When working in factories in São Paulo, Vito was hardly chased by the employers. It was the dictatorship. And, as the coordinator of the Metallurgical Opposition, was arrested by the “DOPs” (the dictatorship’s police). For that, in 2011, Vito was political amnesty. Immediately after that, he gave up of his salary in Núcleo Piratininga de Comunicação. And it was the money of this amnesty that allowed him to have a worthy health treatment in his last year of life.

Rio de Janeiro’s slums

 

After 10 years in Rio, fighting, writing, giving classes, lectures, being part of all the demonstrations that happened in his days without travelling, he discovered the slums of Rio de Janeiro.  It was right after a big killing that happened at the Borel slum. Together, we created the Popular Communication Course of NPC and our life changed. Our friends were no longer only the union people or the intellectuals. From that moment, we started to share our life with young people from Maré, Santa Marta, Cidade de Deus, Jardim América, Manguinhos, Jacaré, Campo Grande, Alemão, so, from all over the city.

A bit of fresh air threw us in the routine of the Rio de Janeiro’s slums. Whit its food, music, happiness e incommensurable pains that result from the violence against the population.

That’s was when he fell in love with the funk of MC Leonardo and Mano Teko, with the hip-hop of Rapper Fiell and the Bonde da Cultura. And also with the samba of Marina Iris, Tomaz Miranda, Manu da Cuíca and with the guitar played by Mauricio Massunaga, the japanese, as he used to call.

He read Cid Benjamin’s book, “Gracias a la vida”, and wanted to meet the “Barbas”, a carnival group of people that takes the streets during the carnival; o “Bip bip”, owned by Alfredinho. But he had just a few more time of life when he understood the left militants from Rio de Janeiro.  The carnival he understood fast. He went to the “Cordão do Boitatá” ball, at Praça XV, in 2015. And the last one was the “Comuna que pariu”, at Cinelândia, with a unforgettable feminist samba. Feminist like he was his all life.

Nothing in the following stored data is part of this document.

lemma diag_face_subset_fr_faces:
  assumes y: "\<forall>i\<in>{1..k}. y i \<in> dual_cone n (fr_faces n (psd n) y (i - 1)) \<inter> orth n H"
    and mono: "\<And>i. Z i \<subseteq> Z (Suc i)"
    and vanish: "\<And>i y'. i < k \<Longrightarrow> y' \<in> orth n H \<Longrightarrow> y' \<in> dual_cone n (diag_face n (Z i)) \<Longrightarrow>
                   \<forall>X\<in>diag_face n (Z (Suc i)). mdot n y' X = 0"
  shows "i \<le> k \<Longrightarrow> diag_face n (Z i) \<subseteq> fr_faces n (psd n) y i"
proof (induction i)
  case 0
  then show ?case using diag_face_subset_psd by simp
next
  case (Suc i)
  then have IH: "diag_face n (Z i) \<subseteq> fr_faces n (psd n) y i" by simp
  have "y (Suc i) \<in> dual_cone n (fr_faces n (psd n) y i) \<inter> orth n H"
    using y[rule_format, of "Suc i"] Suc.prems by simp
  then have "y (Suc i) \<in> orth n H" "y (Suc i) \<in> dual_cone n (diag_face n (Z i))"
    using dual_cone_antimono[OF IH] by auto
  then have "\<forall>X\<in>diag_face n (Z (Suc i)). mdot n (y (Suc i)) X = 0"
    using Suc.prems by (intro vanish) auto
  moreover have "diag_face n (Z (Suc i)) \<subseteq> fr_faces n (psd n) y i"
    using IH diag_face_antimono[OF mono[of i]] by blast
  ultimately show ?case by auto
qed

lemma not_fr_sequence_diag_faces:
  assumes mono: "\<And>i. Z i \<subseteq> Z (Suc i)"
    and vanish: "\<And>i y'. i < k \<Longrightarrow> y' \<in> orth n H \<Longrightarrow> y' \<in> dual_cone n (diag_face n (Z i)) \<Longrightarrow>
                   \<forall>X\<in>diag_face n (Z (Suc i)). mdot n y' X = 0"
    and "\<not> diag_face n (Z k) \<subseteq> minimal_cone H (psd n)"
  shows "\<not> fr_sequence n H (psd n) k"
proof
  assume "fr_sequence n H (psd n) k"
  then obtain y where y: "\<forall>i\<in>{1..k}. y i \<in> dual_cone n (fr_faces n (psd n) y (i - 1)) \<inter> orth n H"
    and min: "fr_faces n (psd n) y k = minimal_cone H (psd n)"
    unfolding fr_sequence_def by blast
  have "diag_face n (Z k) \<subseteq> fr_faces n (psd n) y k"
    by (rule diag_face_subset_fr_faces[where Z = Z]) (use y mono vanish in auto)
  with min assms(3) show False by simp
qed


lemma Amat_symn:
  assumes m: "2 \<le> m" and j: "j \<in> {1..m}"
  shows "Amat m j \<in> symn (2*m+1)"
  unfolding symn_def
proof (intro CollectI conjI allI impI)
  fix p q show "Amat m j p q = Amat m j q p"
    unfolding Amat_def Let_def by (simp add: Emat_sym[of _ _ p q])
next
  fix p q assume pq: "p \<notin> {1..2*m+1} \<or> q \<notin> {1..2*m+1}"
  have E: "\<And>a b. a \<in> {1..2*m+1} \<Longrightarrow> b \<in> {1..2*m+1} \<Longrightarrow> Emat a b p q = 0"
    using pq Emat_outside by blast
  consider "j = 1" | "j = m" | "j \<noteq> 1 \<and> j \<noteq> m" by blast
  then show "Amat m j p q = 0"
  proof cases
    case 1 then show ?thesis using m by (simp add: Amat_def E)
  next
    case 2
    have "Emat (m-1) (2*m+1) p q = 0" "Emat (2*m-1) (2*m+1) p q = 0"
      "Emat m m p q = 0" "Emat (2*m) (2*m) p q = 0" by (rule E; use m in auto)+
    then show ?thesis using 2 m unfolding Amat_def Let_def by simp
  next
    case 3
    have "Emat (j-1) (2*m+1) p q = 0" "Emat (m+j-1) (2*m+1) p q = 0"
      "Emat j j p q = 0" "Emat (m+j) (m+j) p q = 0" by (rule E; use m j 3 in auto)+
    then show ?thesis using 3 m unfolding Amat_def Let_def by simp
  qed
qed

lemma Bmat_symn: "Bmat m \<in> symn (2*m+1)"
  unfolding symn_def Bmat_def by auto

lemma mdot_Amat:
  assumes m: "2 \<le> m" and j: "j \<in> {1..m}" and sym: "\<And>p q. Y p q = Y q p"
  shows "mdot (2*m+1) (Amat m j) Y = Y j j + (if j = m then -1 else 1) * Y (m+j) (m+j)
           + (if j = 1 then 0 else 2 * (Y (j-1) (2*m+1) + Y (m+j-1) (2*m+1)))"
proof -
  have E: "mdot (2*m+1) (Emat a b) Y = (if a = b then Y a a else 2 * Y a b)"
    if "a \<in> {1..2*m+1}" "b \<in> {1..2*m+1}" for a b
    using mdot_Emat[OF that] sym[of b a] by simp
  consider "j = 1" | "j = m" | "1 < j" "j < m" using j m by fastforce
  then show ?thesis
  proof cases
    case 1
    then have "mdot (2*m+1) (Amat m j) Y = mdot (2*m+1) (Emat 1 1) Y + mdot (2*m+1) (Emat (m+1) (m+1)) Y"
      by (simp add: Amat_def mdot_add_left)
    also have "\<dots> = Y 1 1 + Y (m+1) (m+1)"
      by (subst (1 2) E) auto
    finally show ?thesis using 1 m by simp
  next
    case 2
    then have "mdot (2*m+1) (Amat m j) Y = mdot (2*m+1) (Emat m m) Y - mdot (2*m+1) (Emat (2*m) (2*m)) Y
        + mdot (2*m+1) (Emat (m-1) (2*m+1)) Y + mdot (2*m+1) (Emat (2*m-1) (2*m+1)) Y"
      using m by (simp add: Amat_def Let_def mdot_add_left mdot_diff_left)
    also have "\<dots> = Y m m - Y (2*m) (2*m) + 2 * Y (m-1) (2*m+1) + 2 * Y (2*m-1) (2*m+1)"
      using m by (subst (1 2 3 4) E) auto
    finally show ?thesis using 2 m by (simp add: mult_2[of m])
  next
    case 3
    then have "mdot (2*m+1) (Amat m j) Y = mdot (2*m+1) (Emat j j) Y + mdot (2*m+1) (Emat (m+j) (m+j)) Y
        + mdot (2*m+1) (Emat (j-1) (2*m+1)) Y + mdot (2*m+1) (Emat (m+j-1) (2*m+1)) Y"
      using m by (simp add: Amat_def Let_def mdot_add_left)
    also have "\<dots> = Y j j + Y (m+j) (m+j) + 2 * Y (j-1) (2*m+1) + 2 * Y (m+j-1) (2*m+1)"
      using 3 by (subst (1 2 3 4) E) auto
    finally show ?thesis using 3 by simp
  qed
qed

lemma mdot_Bmat:
  "mdot (2*m+1) (Bmat m) Y = (\<Sum>a\<in>{1..m+1}. Y a a)"
proof -
  have "mdot (2*m+1) (Bmat m) Y = (\<Sum>i\<in>{1..2*m+1}. if i \<le> m+1 then Y i i else 0)"
    unfolding mdot_def Bmat_def
    by (intro sum.cong refl) (auto simp: if_distrib[where f="\<lambda>x. x * _"] sum.delta cong: if_cong)
  also have "\<dots> = (\<Sum>i\<in>{1..2*m+1} \<inter> {i. i \<le> m+1}. Y i i)"
    by (simp add: sum.inter_restrict)
  also have "{1..2*m+1} \<inter> {i. i \<le> m+1} = {1..m+1}" by auto
  finally show ?thesis .
qed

Vito was young, larky, in love with life, vibrant. A man that had only one sadness: the way that the Brazilian policy was taking. The triumph of the right field hurt him. A lot. That’s why he celebrated with Lula, Correa, Evo, Cristina, Chavez, Dilma and Mujica. Especially Chavez. He admired him a lot. But I have a surprise for you: he admired deeply the president Dilma Roussef. Disagreed of the political decisions, but admired her as woman. He loved her firm way to handle things.

Suddenly, everything changed. After feeling bad sometimes, his cardiologist asked for a head exam. And there it was: a brain aneurysm. And, in May of 2014, our world collapsed. After a well-done surgery, he had two strokes e recovery himself.  But soon a hernia, that was waiting it’s time to be taken out, started hurting him and he had another surgery. It was a success, especially for a patient that was taking some many pills.

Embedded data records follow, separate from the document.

lemma linear_power_CHAR_dvd_monom_minus_1:
  assumes "prime CHAR('a::comm_ring_1)" "CHAR('a) dvd m"
  shows "[:-1, 1:] ^ CHAR('a) dvd (monom 1 m - 1 :: 'a poly)"
proof -
  let ?p = "CHAR('a)"
  obtain k where m: "m = ?p * k"
    using assms(2) by blast
  have "(-1 :: 'a poly) ^ ?p = -1"
  proof (cases "even ?p")
    case True
    then have "\<not> 2 < ?p"
      using prime_odd_nat[OF assms(1)] by blast
    then have "?p = 2"
      using prime_ge_2_nat[OF assms(1)] by linarith
    then show ?thesis
      using uminus_CHAR_2[of "1 :: 'a poly"] by simp
  next
    case False
    then show ?thesis
      by simp
  qed
  moreover have "(monom 1 k + (-1) :: 'a poly) ^ ?p = monom 1 k ^ ?p + (-1) ^ ?p"
    using assms(1) by (intro freshmans_dream) simp_all
  ultimately have "monom 1 m - 1 = (monom 1 k - 1 :: 'a poly) ^ ?p"
    by (simp add: m monom_power mult.commute)
  moreover have "[:-1, 1:] dvd (monom 1 k - 1 :: 'a poly)"
    by (simp add: poly_eq_0_iff_dvd[symmetric] poly_monom)
  ultimately show ?thesis
    by (simp add: dvd_power_same)
qed

lemma power_mod_eq: "(z::'a::monoid_mult) ^ n = 1 \<Longrightarrow> z ^ (i mod n) = z ^ i"
  by (metis div_mult_mod_eq power_add power_mult power_one mult.commute mult_1)

lemma of_nat_mod_eq: "of_nat n = (0::'a::semiring_1) \<Longrightarrow> of_nat (i mod n) = (of_nat i :: 'a)"
  by (metis add_0 div_mult_mod_eq mult_zero_right of_nat_add of_nat_mult)

lemma CHAR_eq_prime_card:
  assumes "prime (card (UNIV :: 'a::{field,finite} set))"
  shows "CHAR('a) = card (UNIV :: 'a set)"
proof -
  have "CHAR('a) dvd card (UNIV :: 'a set)"
    by (rule CHAR_dvd_CARD)
  then show ?thesis
    using assms CHAR_not_1 by (auto simp: prime_nat_iff)
qed

lemma primitive_root_of_unity_power_eq_iff:
  assumes "primitive_root_of_unity l w"
  shows "w ^ i = w ^ j \<longleftrightarrow> [i = j] (mod l)"
proof -
  have l: "0 < l" "w ^ l = 1" and minimal: "\<And>k. 0 < k \<Longrightarrow> k < l \<Longrightarrow> w ^ k \<noteq> 1"
    using assms by (auto simp: primitive_root_of_unity_def)
  then have "w \<noteq> 0"
    by (metis power_0_left zero_neq_one neq0_conv)
  have same: "a = b" if "a \<le> b" "b < l" "w ^ a = w ^ b" for a b
  proof -
    have "w ^ a * w ^ (b - a) = w ^ b"
      using that(1) by (simp flip: power_add)
    also have "\<dots> = w ^ a * 1"
      using that(3) by simp
    finally have "w ^ (b - a) = 1"
      using \<open>w \<noteq> 0\<close> by simp
    then show ?thesis
      using minimal[of "b - a"] that by linarith
  qed
  have "w ^ i = w ^ j \<longleftrightarrow> w ^ (i mod l) = w ^ (j mod l)"
    using power_mod_eq[OF l(2)] by simp
  also have "\<dots> \<longleftrightarrow> i mod l = j mod l"
  proof
    assume eq: "w ^ (i mod l) = w ^ (j mod l)"
    show "i mod l = j mod l"
    proof (cases "i mod l \<le> j mod l")
      case True
      show ?thesis
        using same[OF True mod_less_divisor[OF l(1)] eq] .
    next
      case False
      then show ?thesis
        using same[of "j mod l" "i mod l"] mod_less_divisor[OF l(1)] eq by simp
    qed
  qed simp
  finally show ?thesis
    by (simp add: cong_def)
qed

lemma primitive_root_of_unity_power:
  assumes "primitive_root_of_unity l w" "coprime k l"
  shows "primitive_root_of_unity l (w ^ k)"
  unfolding primitive_root_of_unity_def
proof (intro conjI allI impI)
  show "0 < l" "(w ^ k) ^ l = 1"
    using assms(1) by (auto simp: primitive_root_of_unity_def simp flip: power_mult)
      (metis mult.commute power_mult power_one)
  fix j assume j: "0 < j \<and> j < l"
  show "(w ^ k) ^ j \<noteq> 1"
  proof
    assume "(w ^ k) ^ j = 1"
    then have "w ^ (k * j) = w ^ 0"
      by (simp add: power_mult)
    then have "[k * j = 0] (mod l)"
      using primitive_root_of_unity_power_eq_iff[OF assms(1), of "k * j" 0] by simp
    then have "l dvd k * j"
      by (simp add: cong_0_iff)
    then have "l dvd j"
      using assms(2) by (simp add: coprime_commute coprime_dvd_mult_right_iff)
    then show False
      using j by (auto dest: dvd_imp_le)
  qed
qed

lemma inj_on_of_nat_power:
  fixes \<zeta> :: "'a::field"
  assumes "CHAR('a) = p" "primitive_root_of_unity l \<zeta>" "coprime l p"
  shows "inj_on (\<lambda>i. (of_nat i :: 'a, \<zeta> ^ i)) {..<l * p}"
proof (rule inj_onI)
  fix i j assume ij: "i \<in> {..<l * p}" "j \<in> {..<l * p}"
    and "(of_nat i :: 'a, \<zeta> ^ i) = (of_nat j, \<zeta> ^ j)"
  then have "[i = j] (mod p)" "[i = j] (mod l)"
    using assms(1) of_nat_eq_iff_cong_CHAR[where 'a='a] primitive_root_of_unity_power_eq_iff[OF assms(2)]
    by auto
  then have "[i = j] (mod l * p)"
    using assms(3) by (simp add: coprime_cong_mult_nat)
  then show "i = j"
    using ij by (simp add: cong_less_modulus_unique_nat)
qed

section \<open>The lower bound on the pair weight\<close>

text \<open>The abstract setting of the lower bound: n vanishes in the field, \<omega> is an n-th root of
  unity, and a residue mod n is determined by its image in the field together with the
  corresponding power of \<omega> or of \<omega>^2 (for n = l p this is the Chinese remainder theorem).\<close>

locale separating_root_of_unity =
  fixes n :: nat and \<omega> :: "'a::field"
  assumes n_ge_7: "7 \<le> n"
    and of_nat_n: "of_nat n = (0::'a)"
    and two_neq_0: "(2::'a) \<noteq> 0" and three_neq_0: "(3::'a) \<noteq> 0"
    and omega_pow_n: "\<omega> ^ n = 1"
    and omega_square_neq_1: "\<omega> ^ 2 \<noteq> 1"
    and inj_on_residues: "k \<in> {1, 2} \<Longrightarrow> inj_on (\<lambda>i. (of_nat i :: 'a, (\<omega> ^ k) ^ i)) {..<n}"
begin

lemma omega_neq_0: "\<omega> \<noteq> 0"
  using omega_pow_n n_ge_7 by (metis not_numeral_le_zero power_0_left zero_neq_one)

lemma omega_neq_1: "\<omega> \<noteq> 1"
  using omega_square_neq_1 by auto

lemma omega_neq_omega_square: "\<omega> \<noteq> \<omega> ^ 2"
  using omega_neq_0 omega_neq_1 by (simp add: power2_eq_square)

lemma of_nat_Suc_mod: "of_nat (Suc i mod n) = of_nat i + (1::'a)"
  using of_nat_mod_eq[OF of_nat_n, of "Suc i"] by simp

lemma omega_power_pow_n: "(\<omega> ^ k) ^ n = 1"
  by (metis omega_pow_n power_mult power_one mult.commute)

lemma omega_power_Suc_mod: "(\<omega> ^ k) ^ (Suc i mod n) = \<omega> ^ k * (\<omega> ^ k) ^ i"
  using power_mod_eq[OF omega_power_pow_n, of k "Suc i"] by simp

definition generator :: "'a poly" where
  "generator = [:-1, 1:] ^ 4 * [:-\<omega>, 1:] * [:-(\<omega> ^ 2), 1:]"

lemma degree_generator: "degree generator = 6"
  by (simp add: generator_def degree_mult_eq degree_linear_power del: mult_pCons_left mult_pCons_right)

lemma generator_dvd_iff:
  "generator dvd d \<longleftrightarrow> [:-1, 1:] ^ 4 dvd d \<and> poly d \<omega> = 0 \<and> poly d (\<omega> ^ 2) = 0"
proof
  assume "generator dvd d"
  moreover have "[:-1, 1:] ^ 4 dvd generator" "[:-\<omega>, 1:] dvd generator"
    "[:-(\<omega> ^ 2), 1:] dvd generator"
    unfolding generator_def by (rule dvd_mult2 dvd_triv_left dvd_triv_right)+
  ultimately show "[:-1, 1:] ^ 4 dvd d \<and> poly d \<omega> = 0 \<and> poly d (\<omega> ^ 2) = 0"
    by (auto simp: poly_eq_0_iff_dvd intro: dvd_trans)
next
  assume "[:-1, 1:] ^ 4 dvd d \<and> poly d \<omega> = 0 \<and> poly d (\<omega> ^ 2) = 0"
  then show "generator dvd d"
    unfolding generator_def
    using omega_neq_1 omega_square_neq_1 omega_neq_omega_square
    by (intro linear_power_mult_dvd) auto
qed

lemma generator_dvd_monom_minus_1:
  assumes "prime CHAR('a)" "4 \<le> CHAR('a)" "CHAR('a) dvd n"
  shows "generator dvd monom 1 n - 1"
proof -
  have "[:-1, 1:] ^ 4 dvd ([:-1, 1:] ^ CHAR('a) :: 'a poly)"
    using assms(2) by (rule le_imp_power_dvd)
  also have "\<dots> dvd monom 1 n - 1"
    using assms(1,3) by (rule linear_power_CHAR_dvd_monom_minus_1)
  finally show ?thesis
    using omega_power_pow_n[of 1] omega_power_pow_n[of 2] by (simp add: generator_dvd_iff poly_monom)
qed

end

text \<open>Coefficients c and support S of a nonzero codeword: the power sums encode the factor
  (x - 1)^4 of the generator, the root sums its roots \<omega> and \<omega>^2.\<close>

locale vanishing_weights = separating_root_of_unity n \<omega> for n and \<omega> :: "'a::field" +
  fixes c :: "nat \<Rightarrow> 'a" and S :: "nat set"
  assumes S_subset: "S \<subseteq> {..<n}"
    and weights_nonzero: "i \<in> S \<Longrightarrow> c i \<noteq> 0"
    and moments_eq_0: "k \<le> 3 \<Longrightarrow> (\<Sum>i\<in>S. c i * of_nat i ^ k) = 0"
    and root_sums_eq_0: "k \<in> {1, 2} \<Longrightarrow> (\<Sum>i\<in>S. c i * (\<omega> ^ k) ^ i) = 0"
begin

2015 arrived and we celebrated. We were alive, happy, and more in love than ever. As we always loved parties, we said that in july we were going to throw a party to thank those who stood by us in 2014.

We had no doubt we were winners.

Until July 23rd. He took me to the airport, bought me a coffee and wished me a good job. I rarely gave courses without him. We could be in different classrooms, but we were in the same place. That day I went by myself.

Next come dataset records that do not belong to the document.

lemma cmod_1_minus_cis_sq_ge:
  assumes "\<bar>x\<bar> \<le> pi"
  shows "x\<^sup>2 / 9 \<le> (cmod (1 - cis x))\<^sup>2"
proof -
  have "\<bar>x / 2\<bar> / 3 \<le> \<bar>sin (x / 2)\<bar>" using assms by (intro abs_sin_ge_third) simp
  then have "(\<bar>x / 2\<bar> / 3)\<^sup>2 \<le> \<bar>sin (x / 2)\<bar>\<^sup>2" by (intro power_mono) auto
  then show ?thesis unfolding cmod_1_minus_cis_sq by (simp add: power_divide)
qed

section \<open>Operator norms and discrete Fourier analysis on frequency windows\<close>

lemma cmod_sum_mult_sq_le:
  "(cmod (\<Sum>p\<in>P. a p * x p))\<^sup>2 \<le> (\<Sum>p\<in>P. (cmod (a p))\<^sup>2) * (\<Sum>p\<in>P. (cmod (x p))\<^sup>2)"
proof -
  have "cmod (\<Sum>p\<in>P. a p * x p) \<le> (\<Sum>p\<in>P. cmod (a p) * cmod (x p))"
    using norm_sum[of "\<lambda>p. a p * x p" P] by (simp add: norm_mult)
  then have "(cmod (\<Sum>p\<in>P. a p * x p))\<^sup>2 \<le> (\<Sum>p\<in>P. cmod (a p) * cmod (x p))\<^sup>2"
    by (intro power_mono) auto
  also have "\<dots> \<le> (\<Sum>p\<in>P. (cmod (a p))\<^sup>2) * (\<Sum>p\<in>P. (cmod (x p))\<^sup>2)"
    by (rule Cauchy_Schwarz_ineq_sum)
  finally show ?thesis .
qed

lemma sum_power_shift: "(\<Sum>t\<in>{a..<a + n}. (w::'a::comm_semiring_1) ^ t) = w ^ a * (\<Sum>s<n. w ^ s)"
  by (induction n) (simp_all add: power_add algebra_simps)

lemma int_interval_eq_image: "{a..<a + int N} = (\<lambda>s. a + int s) ` {..<N}"
proof (intro set_eqI iffI)
  fix x assume "x \<in> {a..<a + int N}"
  then show "x \<in> (\<lambda>s. a + int s) ` {..<N}" by (intro image_eqI[of _ _ "nat (x - a)"]) auto
qed auto

lemma cis_2pi_fraction_neq_1:
  fixes m :: int
  assumes "M > 0" "\<bar>m\<bar> < int M" "m \<noteq> 0"
  shows "cis (2 * pi * of_int m / M) \<noteq> 1"
proof
  assume "cis (2 * pi * of_int m / M) = 1"
  then obtain n :: int where "2 * pi * of_int m / M = 2 * pi * of_int n"
    unfolding cis_conv_exp exp_eq_1 by auto
  then have "real_of_int m = of_int n * real M" using assms(1) by (simp add: field_simps)
  then have "m = n * int M" by (metis of_int_eq_iff of_int_mult of_int_of_nat_eq)
  moreover have "1 \<le> \<bar>n\<bar>" using assms(3) \<open>m = n * int M\<close> by auto
  ultimately have "1 * int M \<le> \<bar>m\<bar>" by (simp add: abs_mult mult_right_mono del: mult_1)
  then show False using assms(2) by simp
qed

My last word to him were: “How am I going to live without you for four days?”.

I´m not going to live any day without you, my love. I will be accompanied by our kids Luisa, Sheila, Marina, Gustavo, Eric, Tatiana, Gizele, Raquel, Alan, Renata, Augusto, Lidiane, Fiell, Julião, Rita, Pablo, Camila, Katarine, Matheus, Kátia, Mario, Well and so many others that I should stop now. I won´t live not even a day without you.

And you are never going to die. I will talk about you for lots of people, so that your history spread itself across the globe, as the history of the solidarity and happiness’s revolutionary. The history about the man who became seed.